**WORK INSTRUCTIONS**
Some of the lines below need repeating. Reproduce exactly those between the lines holding "p' the conjugate" and "inequality of a", inclusive.

Segment Start: AVAILABLE DATA

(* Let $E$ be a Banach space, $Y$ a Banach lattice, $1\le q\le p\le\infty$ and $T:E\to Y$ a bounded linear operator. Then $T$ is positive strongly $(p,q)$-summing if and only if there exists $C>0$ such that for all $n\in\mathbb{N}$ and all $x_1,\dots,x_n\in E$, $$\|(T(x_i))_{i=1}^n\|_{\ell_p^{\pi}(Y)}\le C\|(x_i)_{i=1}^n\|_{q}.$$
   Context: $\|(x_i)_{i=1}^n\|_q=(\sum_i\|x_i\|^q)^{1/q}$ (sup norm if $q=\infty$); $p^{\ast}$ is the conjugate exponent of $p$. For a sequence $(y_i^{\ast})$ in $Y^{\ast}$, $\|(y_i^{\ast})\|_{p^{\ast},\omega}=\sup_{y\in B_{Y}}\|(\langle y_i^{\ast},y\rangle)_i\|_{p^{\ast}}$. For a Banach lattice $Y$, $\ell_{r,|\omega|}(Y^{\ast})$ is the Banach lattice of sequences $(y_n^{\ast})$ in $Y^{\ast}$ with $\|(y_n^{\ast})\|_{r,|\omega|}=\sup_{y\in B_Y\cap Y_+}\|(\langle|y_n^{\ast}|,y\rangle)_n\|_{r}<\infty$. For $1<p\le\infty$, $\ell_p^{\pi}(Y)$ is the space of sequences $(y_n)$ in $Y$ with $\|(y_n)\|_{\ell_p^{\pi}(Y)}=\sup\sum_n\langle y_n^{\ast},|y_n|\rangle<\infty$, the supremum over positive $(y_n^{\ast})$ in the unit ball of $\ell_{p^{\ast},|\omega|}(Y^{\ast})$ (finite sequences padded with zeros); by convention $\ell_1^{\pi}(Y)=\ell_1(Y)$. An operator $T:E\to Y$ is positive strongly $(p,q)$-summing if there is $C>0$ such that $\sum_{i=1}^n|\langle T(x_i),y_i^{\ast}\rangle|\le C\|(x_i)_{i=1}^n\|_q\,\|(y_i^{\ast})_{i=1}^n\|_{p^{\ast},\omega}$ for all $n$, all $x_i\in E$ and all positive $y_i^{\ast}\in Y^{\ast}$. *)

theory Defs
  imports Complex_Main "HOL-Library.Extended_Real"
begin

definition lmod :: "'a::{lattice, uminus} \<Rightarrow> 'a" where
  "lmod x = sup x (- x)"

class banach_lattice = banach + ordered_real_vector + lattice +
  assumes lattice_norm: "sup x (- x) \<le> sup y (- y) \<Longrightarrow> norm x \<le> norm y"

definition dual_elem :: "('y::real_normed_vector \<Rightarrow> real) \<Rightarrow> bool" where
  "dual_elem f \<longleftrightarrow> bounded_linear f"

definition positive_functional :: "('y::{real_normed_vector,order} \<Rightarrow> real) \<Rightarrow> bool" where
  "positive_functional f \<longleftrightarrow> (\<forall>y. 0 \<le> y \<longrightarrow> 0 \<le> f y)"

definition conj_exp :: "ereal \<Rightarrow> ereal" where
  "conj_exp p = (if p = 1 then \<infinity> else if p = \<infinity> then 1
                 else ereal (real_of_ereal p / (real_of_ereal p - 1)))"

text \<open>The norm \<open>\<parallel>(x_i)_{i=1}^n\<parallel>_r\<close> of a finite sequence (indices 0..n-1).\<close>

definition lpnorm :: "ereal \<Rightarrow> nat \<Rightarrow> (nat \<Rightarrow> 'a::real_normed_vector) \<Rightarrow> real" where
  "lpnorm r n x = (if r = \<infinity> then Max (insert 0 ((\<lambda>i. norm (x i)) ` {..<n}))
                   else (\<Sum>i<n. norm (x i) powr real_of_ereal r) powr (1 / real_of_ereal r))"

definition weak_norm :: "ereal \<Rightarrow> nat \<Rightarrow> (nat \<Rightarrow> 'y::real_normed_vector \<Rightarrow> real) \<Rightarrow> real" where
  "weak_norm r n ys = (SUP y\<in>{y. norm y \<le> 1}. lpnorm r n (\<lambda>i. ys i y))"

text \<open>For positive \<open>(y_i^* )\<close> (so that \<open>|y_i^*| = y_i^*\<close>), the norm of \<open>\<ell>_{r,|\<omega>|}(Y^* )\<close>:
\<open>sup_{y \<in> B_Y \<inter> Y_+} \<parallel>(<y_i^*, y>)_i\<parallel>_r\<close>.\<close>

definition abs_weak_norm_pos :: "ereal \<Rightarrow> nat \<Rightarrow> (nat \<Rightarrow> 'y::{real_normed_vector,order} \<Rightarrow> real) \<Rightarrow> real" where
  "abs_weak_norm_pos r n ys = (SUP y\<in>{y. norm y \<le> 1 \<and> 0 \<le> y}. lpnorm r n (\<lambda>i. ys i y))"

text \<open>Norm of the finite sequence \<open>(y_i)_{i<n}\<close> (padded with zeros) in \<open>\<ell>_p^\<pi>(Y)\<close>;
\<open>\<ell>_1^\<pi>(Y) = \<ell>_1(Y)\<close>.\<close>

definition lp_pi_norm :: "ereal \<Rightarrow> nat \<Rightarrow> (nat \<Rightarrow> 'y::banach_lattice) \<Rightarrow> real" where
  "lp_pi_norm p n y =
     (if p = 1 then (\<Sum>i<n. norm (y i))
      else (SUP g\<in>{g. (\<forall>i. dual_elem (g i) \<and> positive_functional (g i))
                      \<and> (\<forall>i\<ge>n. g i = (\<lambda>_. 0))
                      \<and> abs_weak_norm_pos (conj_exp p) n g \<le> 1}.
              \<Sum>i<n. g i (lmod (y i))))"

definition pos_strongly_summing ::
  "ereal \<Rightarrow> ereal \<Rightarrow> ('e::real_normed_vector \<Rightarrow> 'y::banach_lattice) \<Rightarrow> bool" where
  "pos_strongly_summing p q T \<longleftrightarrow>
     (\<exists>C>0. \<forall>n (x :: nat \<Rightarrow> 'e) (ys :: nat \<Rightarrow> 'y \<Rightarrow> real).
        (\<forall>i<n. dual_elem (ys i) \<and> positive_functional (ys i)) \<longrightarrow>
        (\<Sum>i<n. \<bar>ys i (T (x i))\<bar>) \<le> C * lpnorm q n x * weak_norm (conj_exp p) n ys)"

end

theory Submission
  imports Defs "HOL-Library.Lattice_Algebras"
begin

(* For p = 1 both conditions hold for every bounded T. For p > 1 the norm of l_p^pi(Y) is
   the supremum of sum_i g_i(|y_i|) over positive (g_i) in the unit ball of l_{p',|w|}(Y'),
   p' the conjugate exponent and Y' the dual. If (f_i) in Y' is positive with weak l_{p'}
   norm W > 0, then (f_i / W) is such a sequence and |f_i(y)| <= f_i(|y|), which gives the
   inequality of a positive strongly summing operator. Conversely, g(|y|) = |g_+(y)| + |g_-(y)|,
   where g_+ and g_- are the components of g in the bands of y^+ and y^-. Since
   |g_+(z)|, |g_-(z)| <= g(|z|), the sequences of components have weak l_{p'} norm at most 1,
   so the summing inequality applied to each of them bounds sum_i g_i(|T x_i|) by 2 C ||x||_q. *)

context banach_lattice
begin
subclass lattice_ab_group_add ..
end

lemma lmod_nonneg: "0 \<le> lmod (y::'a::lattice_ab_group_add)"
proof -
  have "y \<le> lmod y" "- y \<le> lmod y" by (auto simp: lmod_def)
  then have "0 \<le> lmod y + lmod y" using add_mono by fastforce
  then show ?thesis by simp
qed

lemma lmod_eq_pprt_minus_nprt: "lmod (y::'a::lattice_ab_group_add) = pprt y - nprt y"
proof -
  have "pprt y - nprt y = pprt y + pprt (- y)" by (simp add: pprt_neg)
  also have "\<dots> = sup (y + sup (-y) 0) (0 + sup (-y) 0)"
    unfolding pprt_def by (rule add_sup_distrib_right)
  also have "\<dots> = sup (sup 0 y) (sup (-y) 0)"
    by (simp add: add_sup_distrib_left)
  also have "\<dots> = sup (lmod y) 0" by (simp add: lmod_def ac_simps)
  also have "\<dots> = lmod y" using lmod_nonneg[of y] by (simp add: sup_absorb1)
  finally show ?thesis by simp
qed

Segment End: AVAILABLE DATA

**OUTPUT**
   p' the conjugate exponent and Y' the dual. If (f_i) in Y' is positive with weak l_{p'}
   norm W > 0, then (f_i / W) is such a sequence and |f_i(y)| <= f_i(|y|), which gives the
   inequality of a positive strongly summing operator. Conversely, g(|y|) = |g_+(y)| + |g_-(y)|,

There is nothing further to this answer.